Task brief: Write the entries out exactly, with the final line being the one containing "definite: for A".

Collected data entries
:::
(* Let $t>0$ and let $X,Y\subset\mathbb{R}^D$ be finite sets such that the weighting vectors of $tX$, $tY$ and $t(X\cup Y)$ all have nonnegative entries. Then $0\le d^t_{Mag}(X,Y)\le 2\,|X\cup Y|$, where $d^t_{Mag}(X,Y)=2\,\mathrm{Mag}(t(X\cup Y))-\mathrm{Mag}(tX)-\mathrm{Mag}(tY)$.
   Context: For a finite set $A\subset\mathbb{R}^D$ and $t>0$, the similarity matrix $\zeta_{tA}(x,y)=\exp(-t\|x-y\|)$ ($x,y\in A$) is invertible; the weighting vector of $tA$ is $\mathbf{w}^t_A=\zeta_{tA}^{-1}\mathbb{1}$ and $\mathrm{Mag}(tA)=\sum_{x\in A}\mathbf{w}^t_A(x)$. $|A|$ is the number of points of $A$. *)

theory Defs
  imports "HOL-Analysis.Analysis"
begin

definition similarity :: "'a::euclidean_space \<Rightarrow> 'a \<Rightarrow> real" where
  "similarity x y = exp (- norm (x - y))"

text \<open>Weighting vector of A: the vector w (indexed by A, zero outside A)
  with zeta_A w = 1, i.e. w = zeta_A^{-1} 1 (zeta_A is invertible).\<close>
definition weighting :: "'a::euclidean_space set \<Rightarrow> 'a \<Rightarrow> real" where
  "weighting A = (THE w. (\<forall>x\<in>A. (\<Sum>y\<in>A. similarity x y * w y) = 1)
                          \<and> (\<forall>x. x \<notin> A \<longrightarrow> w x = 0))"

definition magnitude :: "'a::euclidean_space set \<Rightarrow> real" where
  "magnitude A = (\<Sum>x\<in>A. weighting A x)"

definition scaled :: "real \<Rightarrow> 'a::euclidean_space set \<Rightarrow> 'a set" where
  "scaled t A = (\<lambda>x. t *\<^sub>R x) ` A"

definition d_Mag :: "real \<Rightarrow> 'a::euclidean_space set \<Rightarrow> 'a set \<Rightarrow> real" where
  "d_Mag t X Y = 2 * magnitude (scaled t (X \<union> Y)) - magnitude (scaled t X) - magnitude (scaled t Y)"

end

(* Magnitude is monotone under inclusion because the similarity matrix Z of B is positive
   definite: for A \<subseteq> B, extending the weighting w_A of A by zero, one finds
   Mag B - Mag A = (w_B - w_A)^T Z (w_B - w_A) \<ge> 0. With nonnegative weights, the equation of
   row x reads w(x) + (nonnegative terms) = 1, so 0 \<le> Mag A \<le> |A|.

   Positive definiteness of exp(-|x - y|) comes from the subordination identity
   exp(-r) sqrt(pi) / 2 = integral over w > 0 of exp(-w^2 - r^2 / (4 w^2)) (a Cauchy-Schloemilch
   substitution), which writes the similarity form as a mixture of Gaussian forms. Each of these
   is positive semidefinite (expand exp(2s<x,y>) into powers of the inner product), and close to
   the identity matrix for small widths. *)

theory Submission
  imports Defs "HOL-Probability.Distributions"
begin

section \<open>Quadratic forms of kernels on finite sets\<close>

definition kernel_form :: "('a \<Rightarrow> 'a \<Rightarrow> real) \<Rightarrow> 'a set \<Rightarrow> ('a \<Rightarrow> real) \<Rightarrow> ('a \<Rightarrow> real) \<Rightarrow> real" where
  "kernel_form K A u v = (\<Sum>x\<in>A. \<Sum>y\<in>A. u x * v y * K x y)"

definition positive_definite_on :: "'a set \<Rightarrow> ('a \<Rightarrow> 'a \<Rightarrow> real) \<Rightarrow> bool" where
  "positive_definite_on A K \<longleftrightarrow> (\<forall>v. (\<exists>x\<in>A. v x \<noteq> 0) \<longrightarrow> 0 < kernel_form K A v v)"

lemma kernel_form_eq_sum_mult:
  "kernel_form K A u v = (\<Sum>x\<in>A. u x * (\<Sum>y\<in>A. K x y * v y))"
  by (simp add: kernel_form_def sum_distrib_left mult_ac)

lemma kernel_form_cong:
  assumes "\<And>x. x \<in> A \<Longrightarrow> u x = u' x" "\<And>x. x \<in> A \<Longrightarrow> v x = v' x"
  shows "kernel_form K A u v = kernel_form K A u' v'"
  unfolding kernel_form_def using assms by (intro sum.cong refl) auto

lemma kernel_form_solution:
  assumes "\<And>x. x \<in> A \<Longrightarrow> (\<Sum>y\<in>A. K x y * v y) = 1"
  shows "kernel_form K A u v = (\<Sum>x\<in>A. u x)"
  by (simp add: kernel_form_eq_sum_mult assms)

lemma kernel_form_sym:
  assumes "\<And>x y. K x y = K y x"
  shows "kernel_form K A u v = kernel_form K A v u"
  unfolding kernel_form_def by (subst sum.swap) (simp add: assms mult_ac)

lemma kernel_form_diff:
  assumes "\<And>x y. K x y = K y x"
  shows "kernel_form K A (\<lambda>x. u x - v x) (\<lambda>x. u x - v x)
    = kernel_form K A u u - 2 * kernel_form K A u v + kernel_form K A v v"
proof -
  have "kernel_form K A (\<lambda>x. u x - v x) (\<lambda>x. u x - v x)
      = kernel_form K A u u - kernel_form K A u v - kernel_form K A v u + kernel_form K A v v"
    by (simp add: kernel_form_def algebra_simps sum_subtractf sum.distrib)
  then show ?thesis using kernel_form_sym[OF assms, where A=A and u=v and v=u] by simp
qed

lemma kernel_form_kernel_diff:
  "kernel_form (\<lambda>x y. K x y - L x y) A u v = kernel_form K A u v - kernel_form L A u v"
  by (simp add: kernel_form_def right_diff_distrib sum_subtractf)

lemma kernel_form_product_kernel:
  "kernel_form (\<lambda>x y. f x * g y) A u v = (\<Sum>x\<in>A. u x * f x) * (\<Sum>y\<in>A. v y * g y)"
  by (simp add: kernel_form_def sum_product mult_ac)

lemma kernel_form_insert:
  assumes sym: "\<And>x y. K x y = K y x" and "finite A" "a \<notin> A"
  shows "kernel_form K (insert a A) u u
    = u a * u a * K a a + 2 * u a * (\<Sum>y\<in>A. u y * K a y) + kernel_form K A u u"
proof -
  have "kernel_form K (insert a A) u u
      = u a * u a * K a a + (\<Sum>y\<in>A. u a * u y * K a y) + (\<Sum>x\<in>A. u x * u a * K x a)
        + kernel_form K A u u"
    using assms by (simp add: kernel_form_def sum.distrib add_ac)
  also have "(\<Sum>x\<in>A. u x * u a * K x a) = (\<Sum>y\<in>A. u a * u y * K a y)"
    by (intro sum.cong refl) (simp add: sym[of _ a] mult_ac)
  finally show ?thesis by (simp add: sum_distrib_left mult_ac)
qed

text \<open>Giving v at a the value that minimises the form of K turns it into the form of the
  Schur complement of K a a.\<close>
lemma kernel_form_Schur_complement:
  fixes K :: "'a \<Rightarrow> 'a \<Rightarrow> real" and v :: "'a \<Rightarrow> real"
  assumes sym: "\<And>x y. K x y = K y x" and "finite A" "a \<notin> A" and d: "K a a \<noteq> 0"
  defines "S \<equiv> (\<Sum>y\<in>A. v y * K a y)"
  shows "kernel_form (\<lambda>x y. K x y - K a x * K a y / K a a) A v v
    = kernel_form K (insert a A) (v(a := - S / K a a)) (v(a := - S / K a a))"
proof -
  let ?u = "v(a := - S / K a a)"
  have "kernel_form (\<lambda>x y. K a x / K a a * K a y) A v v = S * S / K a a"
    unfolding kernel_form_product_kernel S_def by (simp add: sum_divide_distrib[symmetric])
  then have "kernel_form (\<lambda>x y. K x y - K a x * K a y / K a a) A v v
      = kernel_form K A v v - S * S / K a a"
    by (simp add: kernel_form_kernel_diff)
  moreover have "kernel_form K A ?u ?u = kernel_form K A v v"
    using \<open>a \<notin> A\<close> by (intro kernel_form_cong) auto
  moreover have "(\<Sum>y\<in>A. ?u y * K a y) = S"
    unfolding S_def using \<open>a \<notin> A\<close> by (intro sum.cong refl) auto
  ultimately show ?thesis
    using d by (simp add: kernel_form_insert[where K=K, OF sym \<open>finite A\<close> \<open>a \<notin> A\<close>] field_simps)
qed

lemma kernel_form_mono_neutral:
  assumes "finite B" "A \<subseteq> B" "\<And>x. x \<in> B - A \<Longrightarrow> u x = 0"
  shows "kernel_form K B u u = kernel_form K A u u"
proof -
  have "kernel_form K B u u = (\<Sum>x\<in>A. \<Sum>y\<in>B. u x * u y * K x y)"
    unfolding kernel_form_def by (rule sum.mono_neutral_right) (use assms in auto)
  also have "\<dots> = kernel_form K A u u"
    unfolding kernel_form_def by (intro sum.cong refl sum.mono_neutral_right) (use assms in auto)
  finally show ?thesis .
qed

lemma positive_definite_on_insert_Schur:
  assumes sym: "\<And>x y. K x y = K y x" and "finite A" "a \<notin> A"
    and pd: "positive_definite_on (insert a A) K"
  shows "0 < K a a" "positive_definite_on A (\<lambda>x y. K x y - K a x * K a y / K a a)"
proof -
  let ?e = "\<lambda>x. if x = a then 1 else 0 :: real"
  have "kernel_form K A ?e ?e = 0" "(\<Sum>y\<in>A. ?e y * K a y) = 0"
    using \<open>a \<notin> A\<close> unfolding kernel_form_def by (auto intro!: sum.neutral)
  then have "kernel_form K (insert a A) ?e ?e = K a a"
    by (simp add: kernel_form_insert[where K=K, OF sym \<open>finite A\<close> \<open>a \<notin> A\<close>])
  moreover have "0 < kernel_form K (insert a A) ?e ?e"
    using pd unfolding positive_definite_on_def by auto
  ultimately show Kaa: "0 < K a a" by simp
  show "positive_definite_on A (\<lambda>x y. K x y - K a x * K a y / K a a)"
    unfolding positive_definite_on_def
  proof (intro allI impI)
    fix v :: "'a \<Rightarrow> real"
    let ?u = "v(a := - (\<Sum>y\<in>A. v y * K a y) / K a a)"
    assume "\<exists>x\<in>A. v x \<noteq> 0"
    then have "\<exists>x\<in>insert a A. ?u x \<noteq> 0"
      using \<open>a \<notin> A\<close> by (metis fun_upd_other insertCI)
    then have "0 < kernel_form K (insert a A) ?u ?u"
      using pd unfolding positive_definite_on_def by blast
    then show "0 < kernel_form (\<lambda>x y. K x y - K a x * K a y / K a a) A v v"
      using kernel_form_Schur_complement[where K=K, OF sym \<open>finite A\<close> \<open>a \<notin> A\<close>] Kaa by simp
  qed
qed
:::
Answer space:
(* Let $t>0$ and let $X,Y\subset\mathbb{R}^D$ be finite sets such that the weighting vectors of $tX$, $tY$ and $t(X\cup Y)$ all have nonnegative entries. Then $0\le d^t_{Mag}(X,Y)\le 2\,|X\cup Y|$, where $d^t_{Mag}(X,Y)=2\,\mathrm{Mag}(t(X\cup Y))-\mathrm{Mag}(tX)-\mathrm{Mag}(tY)$.
   Context: For a finite set $A\subset\mathbb{R}^D$ and $t>0$, the similarity matrix $\zeta_{tA}(x,y)=\exp(-t\|x-y\|)$ ($x,y\in A$) is invertible; the weighting vector of $tA$ is $\mathbf{w}^t_A=\zeta_{tA}^{-1}\mathbb{1}$ and $\mathrm{Mag}(tA)=\sum_{x\in A}\mathbf{w}^t_A(x)$. $|A|$ is the number of points of $A$. *)

theory Defs
  imports "HOL-Analysis.Analysis"
begin

definition similarity :: "'a::euclidean_space \<Rightarrow> 'a \<Rightarrow> real" where
  "similarity x y = exp (- norm (x - y))"

text \<open>Weighting vector of A: the vector w (indexed by A, zero outside A)
  with zeta_A w = 1, i.e. w = zeta_A^{-1} 1 (zeta_A is invertible).\<close>
definition weighting :: "'a::euclidean_space set \<Rightarrow> 'a \<Rightarrow> real" where
  "weighting A = (THE w. (\<forall>x\<in>A. (\<Sum>y\<in>A. similarity x y * w y) = 1)
                          \<and> (\<forall>x. x \<notin> A \<longrightarrow> w x = 0))"

definition magnitude :: "'a::euclidean_space set \<Rightarrow> real" where
  "magnitude A = (\<Sum>x\<in>A. weighting A x)"

definition scaled :: "real \<Rightarrow> 'a::euclidean_space set \<Rightarrow> 'a set" where
  "scaled t A = (\<lambda>x. t *\<^sub>R x) ` A"

definition d_Mag :: "real \<Rightarrow> 'a::euclidean_space set \<Rightarrow> 'a set \<Rightarrow> real" where
  "d_Mag t X Y = 2 * magnitude (scaled t (X \<union> Y)) - magnitude (scaled t X) - magnitude (scaled t Y)"

end

(* Magnitude is monotone under inclusion because the similarity matrix Z of B is positive
   definite: for A \<subseteq> B, extending the weighting w_A of A by zero, one finds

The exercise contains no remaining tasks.